– Ну-с, приступим.
– Григорий Дмитрич!
Стрелок вздохнул, беззлобно помянул чью-то мать и повернулся на зов, спокойно поджидая приближающегося вестового:
– Ну чего опять стряслось? Или вы там уже и полчаса без меня прожить не можете, ироды?
Запыхавшийся от быстрого бега охранник несколько раз откусил воздух и почти без остановки выпалил:
– С проходной номер два звонили, просят вас срочно подойти!
– Так, оружие и чемоданчик – ко мне в кабинет. Лично отвечаешь!
Теперь уже сам Долгин побежал – правда, только до ворот полигона. Если спешащий со всех ног охранник – дело в общем-то для всех вполне привычное, то главный инспектор своим забегом вызовет как минимум волну пересудов. Так что – широкий шаг и невозмутимое спокойствие на лице. А еще множество догадок и предположений, теснящихся в голове. Проходная номер два располагалась в самом начале того самого поселка, в коем проживало все фабричное (и не только) начальство, охрана там была опытная и по пустякам бы его дергать не стала. Командир с утра сильно хмурый был, обмолвился, что весточка пришла про дочку. Вроде как простыла. Герт из столицы должен был вернуться… Неужели опять побили? Или кто-то из поднадзорных «дятлов»-осведомителей что-то почуял и умудрился сбежать?! Короче, как он проделал весь путь до проходной, Григорий потом так и не вспомнил – главное, что сделал это быстро, а остальное – ерунда.
– Докладывай.
– Где-то с полчаса назад нам послышалось, как будто кто окошко выхлестнул.

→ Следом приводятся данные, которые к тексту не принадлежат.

lemma (in prob_space) integral_layer_approx:
  fixes g :: "'a \<Rightarrow> real"
  assumes g: "g \<in> borel_measurable M" "\<And>y. y \<in> space M \<Longrightarrow> 0 \<le> g y \<and> g y \<le> 1"
    and "n > 0"
  shows "\<bar>(\<integral>y. g y \<partial>M) - (\<Sum>i=1..n. prob {y\<in>space M. real i \<le> real n * g y}) / real n\<bar>
    \<le> 1 / real n"
proof -
  define A where "A i = {y\<in>space M. real i \<le> real n * g y}" for i
  have A: "A i \<in> events" for i unfolding A_def using g(1) by measurable
  define s where "s y = (\<Sum>i=1..n. indicator (A i) y) / real n" for y
  have s: "s \<in> borel_measurable M" unfolding s_def using A by measurable
  have approx: "\<bar>g y - s y\<bar> \<le> 1 / real n" if y: "y \<in> space M" for y
  proof -
    have "0 \<le> real n * g y" "real n * g y \<le> real n"
      using g(2)[OF y] by (auto simp: mult_left_le)
    have "(\<Sum>i=1..n. indicator (A i) y :: real) = card {i\<in>{1..n}. real i \<le> real n * g y}"
      using y by (simp add: A_def indicator_def sum.inter_filter[symmetric] Int_def conj_commute)
    also have "\<dots> = nat \<lfloor>real n * g y\<rfloor>"
      using \<open>0 \<le> real n * g y\<close> \<open>real n * g y \<le> real n\<close> by (simp only: card_atLeastAtMost_le_real)
    finally have "g y - s y = (real n * g y - nat \<lfloor>real n * g y\<rfloor>) / real n"
      using \<open>n > 0\<close> by (simp add: s_def field_simps)
    moreover have "\<bar>real n * g y - nat \<lfloor>real n * g y\<rfloor>\<bar> \<le> 1"
      using \<open>0 \<le> real n * g y\<close> by linarith
    ultimately show ?thesis
      by (simp add: abs_divide divide_right_mono)
  qed
  have "\<bar>\<integral>y. g y - s y \<partial>M\<bar> \<le> 1 / real n"
    using g(1) s approx by (intro abs_integral_le_bound) auto
  moreover have "(\<integral>y. s y \<partial>M) = (\<Sum>i=1..n. prob (A i)) / real n"
    unfolding s_def using A
    by (subst integral_divide_zero, subst Bochner_Integration.integral_sum)
       (auto simp: emeasure_eq_measure)
  moreover have "integrable M g"
    using g by (intro integrable_bounded[where c=1]) auto
  moreover have "integrable M s"
    unfolding s_def using A
    by (intro integrable_divide_zero Bochner_Integration.integrable_sum integrable_real_indicator)
       (auto simp: emeasure_eq_measure)
  ultimately show ?thesis by (simp add: A_def)
qed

Старший охранник показал, откуда именно донесся подозрительный звук – из коттеджа хозяина фабрики, со второго этажа. Даже конкретное место можно было угадать, не особо напрягаясь: то самое, где окно щерилось крупными осколками стекла. От таких новостей главный инспектор мгновенно напрягся, готовый бежать и стрелять.

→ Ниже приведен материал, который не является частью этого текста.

(* Let $X$ be a locally super-compact $L$-sober space. Then $\Omega_LX$ is a continuous $L$-dcpo.
   Context: $L$ is a frame with implication $\to$. $L$-subsets: maps to $L$; nonempty: $\bigvee A=1$; ${\rm sub}_X(A,B)=\bigwedge_xA(x)\to B(x)$. $L$-topology: $\mathcal O(X)\subseteq L^X$ closed under finite meets and arbitrary joins containing all constants $a_X$; interior $A^\circ$ is the join of open sets below $A$. Super-compact: nonempty $A$ with ${\rm sub}_X(A,\bigvee_iV_i)=\bigvee_i{\rm sub}_X(A,V_i)$ for every family of open $V_i$; ${\rm SC}(X)$ their set. Locally super-compact: every open $A=\bigvee_{B\in{\rm SC}(X)}{\rm sub}_X(B,A)\wedge B^\circ$. A point of $\mathcal O(X)$: $p:\mathcal O(X)\to L$ preserving binary meets, arbitrary joins, with $p(\lambda_X)=\lambda$; $[x](A)=A(x)$; $L$-sober: $x\mapsto[x]$ bijective onto the points (in particular $X$ is $T_0$). $\Omega_LX$ is $X$ with the specialization $L$-order $e(x,y)=\bigwedge_{A\in\mathcal O(X)}A(x)\to A(y)$. For an $L$-ordered set $(P,e)$ ($e(x,x)=1$, $e(x,y)\wedge e(y,z)\le e(x,z)$, $e(x,y)\wedge e(y,x)=1\Rightarrow x=y$): ${\downarrow}y(x)=e(x,y)$; $\sqcup A=x$ iff $e(x,y)={\rm sub}_P(A,{\downarrow}y)$ for all $y$; directed: nonempty and $D(x)\wedge D(y)\le\bigvee_zD(z)\wedge e(x,z)\wedge e(y,z)$; ideal: directed lower set; $L$-dcpo: all directed $L$-subsets have suprema; ${\Downarrow}x(y)=\bigwedge\{e(x,\sqcup I)\to I(y):I\text{ ideal with a supremum}\}$; continuous $L$-dcpo: an $L$-dcpo in which each ${\Downarrow}x$ is directed with supremum $x$. *)

theory Defs
  imports Main
begin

– Это изнутри, бутылкой. Мы до Глафиры – мол, так и так, что у тебя в хозяйстве-то творится? А она толком и ответить не смогла, испуганная какая-то. Ну мы службу знаем, я сразу вестового к вам, а сам поднялся до кабинета да тихонечко посмотрел – командир спокойно себе сидит, жив и здоров. Даже вроде спит, прямо в кресле. Я на всякий случай экономку поскрестись в дверь отправил, узнать, все ли в порядке, – так он, даже не просыпаясь, так рыкнул, что не приведи господь! Ну мы вниз – и вас ждать. Вот.
– Благодарю за службу.
– Рад стараться, вашбродь!
Дверь в дом оказалась незапертой, а Глафира Несторовна и впрямь была слегка напугана – такая бледность на лице для нее обычно была не характерна. Увидев того, кто точно знает – что делать и как быть, женщина едва не расплакалась от охватившего ее облегчения. Сразу соваться к другу Григорий не стал, предпочел прояснить обстановку. А то мало ли?..
– Докладыва… тьфу! рассказывай, что знаешь.

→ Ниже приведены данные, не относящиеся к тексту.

definition merge_inv :: "nat \<Rightarrow> bool" where
  "merge_inv h \<longleftrightarrow> (\<forall>x\<in>entries. ZZ h (pos h x) = fst x) \<and> BB h 1 \<noteq> 0 \<and> BB h (Suc N) \<noteq> 0 \<and>
     (\<forall>q\<in>{2..N}. BB h q \<le> h \<and> (BB h q \<noteq> 0 \<longleftrightarrow> pref h (entry_at h (q - 1)) \<noteq> pref h (entry_at h q)))"

lemma merge_inv_0: "merge_inv 0"
proof -
  have Z0: "ZZ 0 p = (if p \<le> length t0 then 0 else 1)" for p by (simp add: Zh_def)
  have B0: "BB 0 p = (if p = 1 \<or> p = N + 1 then 1 else 0)" for p by (simp add: Bh_def N_def)
  have "ZZ 0 (pos 0 x) = fst x" if x: "x \<in> entries" for x
  proof (cases "fst x = 0")
    case True
    have "{z \<in> entries. key 0 z < key 0 x} \<subseteq> {0} \<times> {1..<snd x}"
      using True x by (auto simp: key_def entries_def less_prod_def' less_2_cases_iff)
    then have "card {z \<in> entries. key 0 z < key 0 x} \<le> card ({0::nat} \<times> {1..<snd x})" by (intro card_mono) auto
    moreover have "snd x \<ge> 1" using x by (simp add: entries_def)
    ultimately have "pos 0 x \<le> snd x" unfolding pos_def by (simp add: card_cartesian_product)
    moreover have "snd x \<le> length t0" using x True length_bwt_of(1) by (auto simp: entries_def)
    ultimately show ?thesis using True Z0 by simp
  next
    case False
    then have f1: "fst x = 1" using x by (auto simp: entries_def)
    have "{0} \<times> {1..length (bwt_of 0)} \<subseteq> {z \<in> entries. key 0 z < key 0 x}"
      using f1 by (auto simp: key_def entries_def less_prod_def')
    then have "card ({0::nat} \<times> {1..length (bwt_of 0)}) \<le> card {z \<in> entries. key 0 z < key 0 x}" by (intro card_mono) auto
    then have "pos 0 x > length t0" unfolding pos_def by (simp add: card_cartesian_product length_bwt_of(1))
    then show ?thesis using f1 Z0 by simp
  qed
  moreover have "BB 0 1 \<noteq> 0" "BB 0 (Suc N) \<noteq> 0" using B0 by auto
  moreover have "\<forall>q\<in>{2..N}. BB 0 q \<le> 0 \<and> (BB 0 q \<noteq> 0 \<longleftrightarrow> pref 0 (entry_at 0 (q - 1)) \<noteq> pref 0 (entry_at 0 q))"
    using B0 by auto
  ultimately show ?thesis unfolding merge_inv_def by blast
qed

context
  fixes h :: nat
  assumes inv: "merge_inv h"
begin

В изложении экономки события, превратившие всегда выдержанного, вежливого и очень доброжелательного к прислуге хозяина в гневного демона, начались с визита господина Лунева. Вернее, с его отбытия – примерно через полтора часа после оного она услышала громкий шум и треск из гимнастического зала. Подумала, что шалит малолетняя воспитанница Хозяина, зашла навести порядок… Все, на этом осмысленная часть повествования закончилась. И начались обильные слезы, перемежаемые невнятными всхлипами:
– Как глянет!.. А глаза-то бешеные! Я думала, на месте прибьет. А в зале-то, господи, ужас какой! Потом – раз, и стекло посыпалось!.. Григорий Дмитрич, это что же такое, а?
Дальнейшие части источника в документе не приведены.